Poteri finanziari più o meno occulti stanno dietro i nostri governanti, i quali finiscono con l’essere una “facciata”, dei “prestanomi”. I rappresentanti dei governi degli ultimi 50 anni hanno infatti indebitato gli Stati europei quasi al punto da farli fallire. Lo chiamano debito pubblico, del popolo, anziché debito statale, fatto dai politici, dalle pensioni d’oro.
Supertassano i popoli promettendo più servizi, quando sanno bene che le tasse serviranno a non far fallire gli Stati. Supertassano per il riarmo militare e arricchire i mercanti di morte. Questa non è democrazia, ma una dittatura dei soldi mascherata di democrazia.
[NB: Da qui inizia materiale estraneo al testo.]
text \<open>The carry \<open>b \<cdot> R\<^sub>i + R\<^sub>j = R\<^sub>i\<^sub>+\<^sub>1 + b \<cdot> R\<^sub>j\<^sub>-\<^sub>1\<close> (for \<open>1 \<le> j \<le> i\<close>) keeps value and size
  and lowers the sum of the indices, so repeated carrying terminates in a normal form.\<close>

lemma mset_normal_exists:
  assumes "b \<ge> 2"
  shows "\<exists>N. mset_normal b N \<and> mset_val b N = mset_val b M \<and> size N \<le> size M"
proof (induction "size M + sum_mset M" arbitrary: M rule: less_induct)
  case less
  consider "mset_normal b M" | "0 \<in># M" | "\<not> mset_normal b M" "0 \<notin># M"
    by blast
  then show ?case
  proof cases
    case 1
    then show ?thesis by blast
  next
    case 2
    then obtain M0 where M: "M = add_mset 0 M0" by (metis insert_DiffM)
    then have "size M0 + sum_mset M0 < size M + sum_mset M" by simp
    then show ?thesis using less[of M0] M by fastforce
  next
    case 3
    then obtain i j where ij: "1 \<le> j" "j \<le> i" and sub: "replicate_mset b i + {#j#} \<subseteq># M"
      using not_mset_normal_carry[OF assms] by blast
    define C where "C = M - (replicate_mset b i + {#j#})"
    have M: "M = C + (replicate_mset b i + {#j#})"
      using sub unfolding C_def by (metis subset_mset.diff_add)
    define M' where "M' = C + ({#Suc i#} + replicate_mset b (j - 1))"
    have "repunit b j = b * repunit b (j - 1) + 1" using ij by (cases j) auto
    then have val: "mset_val b M' = mset_val b M" unfolding M M'_def by simp
    have "Suc i + b * (j - 1) < b * i + j"
    proof -
      obtain d k where "i = j + d" "j = Suc k" using ij by (metis le_Suc_ex not0_implies_Suc not_one_le_zero)
      moreover have bd: "2 * d \<le> b * d" using assms by simp
      ultimately show ?thesis using assms by (simp add: algebra_simps) (use bd in linarith)
    qed
    then have "size M' + sum_mset M' < size M + sum_mset M" unfolding M M'_def by simp
    moreover have "size M' = size M" unfolding M M'_def by simp
    ultimately show ?thesis using less[of M'] val by auto
  qed
qed

lemma mset_normal_support:
  assumes "b \<ge> 2" and "n \<ge> 1" and "mset_normal b N" and "mset_val b N \<le> b ^ n"
  shows "set_mset N \<subseteq> {1..n}"
proof
  fix x assume x: "x \<in># N"
  have "x \<noteq> 0" using assms(3) x unfolding mset_normal_def by metis
  have "repunit b x < repunit b (Suc n)"
    using repunit_le_mset_val[OF x, of b] assms(4) power_less_repunit_Suc[OF assms(1,2)] by linarith
  moreover have "b \<ge> 1" using assms(1) by simp
  ultimately have "x < Suc n" using repunit_less_iff by blast
  with \<open>x \<noteq> 0\<close> show "x \<in> {1..n}" by auto
qed

lemma mset_normal_imp_repunit_normal: "mset_normal b N \<Longrightarrow> repunit_normal b K (count N)"
  unfolding mset_normal_def repunit_normal_def by auto

text \<open>\<open>RC b n\<close> consists exactly of the normal digit vectors on \<open>{1..n}\<close> of value at most \<open>b ^ n\<close>;
  the next two lemmas give the two inclusions.\<close>

lemma RC_imp_repunit_normal: "t \<in> RC b n \<Longrightarrow> repunit_normal b n t"
  unfolding RC_def repunit_normal_def by blast

lemma RC_repunit_val_le:
  assumes "b \<ge> 2" and "n \<ge> 1" and t: "t \<in> RC b n"
  shows "repunit_val b n t \<le> b ^ n"
proof -
  obtain n' where n: "n = Suc n'" using assms(2) by (cases n) auto
  have t_top: "t n \<le> b - 1" "t n = b - 1 \<Longrightarrow> t 1 \<le> 1"
    "\<And>i. t n = b - 1 \<Longrightarrow> i \<in> {1..n'} \<Longrightarrow> i \<noteq> 1 \<Longrightarrow> t i = 0"
    using t n unfolding RC_def by auto
  have low: "repunit_val b n' t < repunit b n"
    using repunit_val_less[of b n' t] repunit_normal_Suc RC_imp_repunit_normal[OF t] assms(1) n by simp
  have pow: "(b - 1) * repunit b n + 1 = b ^ n" using repunit_eq assms(1) by simp
  have val: "repunit_val b n t = repunit_val b n' t + t n * repunit b n" using repunit_val_Suc n by simp
  show ?thesis
  proof (cases "t n = b - 1")
    case True
    have "repunit_val b n' t = repunit_val b n' (\<lambda>i. if i = 1 then t 1 else 0)"
      using t_top(3)[OF True] by (intro repunit_val_cong) auto
    also have "\<dots> = (\<Sum>i=1..n'. if i = 1 then t 1 else 0)"
      unfolding repunit_val_def by (intro sum.cong) auto
    also have "\<dots> \<le> t 1" by (simp add: sum.delta)
    finally show ?thesis using val True pow t_top(2) by simp
  next
    case False
    then have "(t n + 1) * repunit b n \<le> (b - 1) * repunit b n"
      using t_top(1) by (intro mult_right_mono) auto
    then show ?thesis using val low pow by (simp add: distrib_right)
  qed
qed

lemma RC_if_repunit_val_le:
  assumes b: "b \<ge> 2" and n: "n \<ge> 2" and supp: "\<And>i. i \<notin> {1..n} \<Longrightarrow> t i = 0"
    and normal: "repunit_normal b n t" and val_le: "repunit_val b n t \<le> b ^ n"
  shows "t \<in> RC b n"
proof -
  obtain n' where n': "n = Suc n'" using n by (cases n) auto
  have pow: "(b - 1) * repunit b n + 1 = b ^ n" using repunit_eq b by simp
  have big: "repunit b n \<ge> b + 1" using repunit_ge_Suc_base b n by simp
  have "t n * repunit b n \<le> b ^ n" using digit_term_le_repunit_val[of n n t b] n val_le by simp
  then have top: "t n \<le> b - 1"
  proof (rule contrapos_pp)
    assume "\<not> t n \<le> b - 1"
    then have "b * repunit b n \<le> t n * repunit b n" by (intro mult_right_mono) auto
    moreover have "b * repunit b n = (b - 1) * repunit b n + repunit b n" using b by (cases b) auto
    ultimately show "\<not> t n * repunit b n \<le> b ^ n" using pow big b by linarith
  qed
  have low: "t 1 \<le> 1 \<and> (\<forall>i\<in>{1..n}. i \<noteq> 1 \<and> i \<noteq> n \<longrightarrow> t i = 0)" if "t n = b - 1"
  proof -
    have "repunit_val b n' t \<le> 1"
      using repunit_val_Suc[of b n' t] n' that val_le pow by simp
    then have small: "t i * repunit b i \<le> 1" if "i \<in> {1..n'}" for i
      using digit_term_le_repunit_val[OF that, of t b] by simp
    have "t i = 0" if i: "i \<in> {1..n}" "i \<noteq> 1" "i \<noteq> n" for i
    proof (rule ccontr)
      assume "t i \<noteq> 0"
      then have "repunit b i \<le> t i * repunit b i" by simp
      moreover have "repunit b i \<ge> b + 1" using repunit_ge_Suc_base b i by simp
      moreover have "i \<in> {1..n'}" using i n' by auto
      then have "t i * repunit b i \<le> 1" by (rule small)
      ultimately show False using b by linarith
    qed
    moreover have "t 1 \<le> 1" using small[of 1] n' n by simp
    ultimately show ?thesis by blast
  qed
  show ?thesis
    unfolding RC_def mem_Collect_eq
  proof (intro conjI)
    show "\<forall>i\<in>{1..n}. t i \<le> b"
      and "\<forall>i\<in>{1..n}. t i = b \<longrightarrow> (\<forall>j. 1 \<le> j \<and> j < i \<longrightarrow> t j = 0)"
      using normal unfolding repunit_normal_def by blast+
  qed (use supp top low in blast)+
qed

lemma ex_RC_repunit_val:
  assumes b: "b \<ge> 2" and n: "n \<ge> 2" and w: "w \<le> b ^ n"
  obtains t where "t \<in> RC b n" and "repunit_val b n t = w"
proof -
  obtain N where N: "mset_normal b N" "mset_val b N = w"
    using mset_normal_exists[OF b, of "replicate_mset w 1"] by auto
  have supp: "set_mset N \<subseteq> {1..n}" using mset_normal_support[OF b _ N(1)] N(2) w n by simp
  define t where "t i = (if i \<in> {1..n} then count N i else 0)" for i
  have agree: "\<And>i. i \<in> {1..n} \<Longrightarrow> count N i = t i" unfolding t_def by simp
  have val: "repunit_val b n t = w"
    using repunit_val_cong[OF agree] mset_val_eq_repunit_val(1)[OF supp] N(2) by simp
  have "t \<in> RC b n"
  proof (rule RC_if_repunit_val_le[OF b n])
    show "\<And>i. i \<notin> {1..n} \<Longrightarrow> t i = 0" unfolding t_def by auto
    show "repunit_normal b n t"
      using repunit_normal_cong[OF agree mset_normal_imp_repunit_normal[OF N(1)]] .
    show "repunit_val b n t \<le> b ^ n" using val w by simp
  qed
  with val show thesis using that by blast
qed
Regimi così ipocriti danno ai popoli l’illusione di potersi scegliere governanti validi e decidere del proprio destino. Ma da qualsiasi schieramento, gli eletti finiscono con l’essere servi dei poteri finanziari. Questi fanno cadere o mettono fuorigioco chiunque non promuove i loro interessi. Questo è il problema più grave. Il sistema azionario esiste principalmente per garantire profitti agli azionisti fannulloni, anziché garantire salari decenti a quelli che producono beni e servizi. Quando gli Stati si indebitano attraverso governi dittatoriali o sistemi parlamentari spendaccioni il debito è riversato sul popolo. Quando i sistemi azionari non riescono a produrre profitti, le loro borse fanno cadere i governi, creano la disoccupazione, producono sistemi sociali dove i lavoratori sono oppressi, perfino schiavi. E c’è chi si vende per un tozzo di un tozzo di pane.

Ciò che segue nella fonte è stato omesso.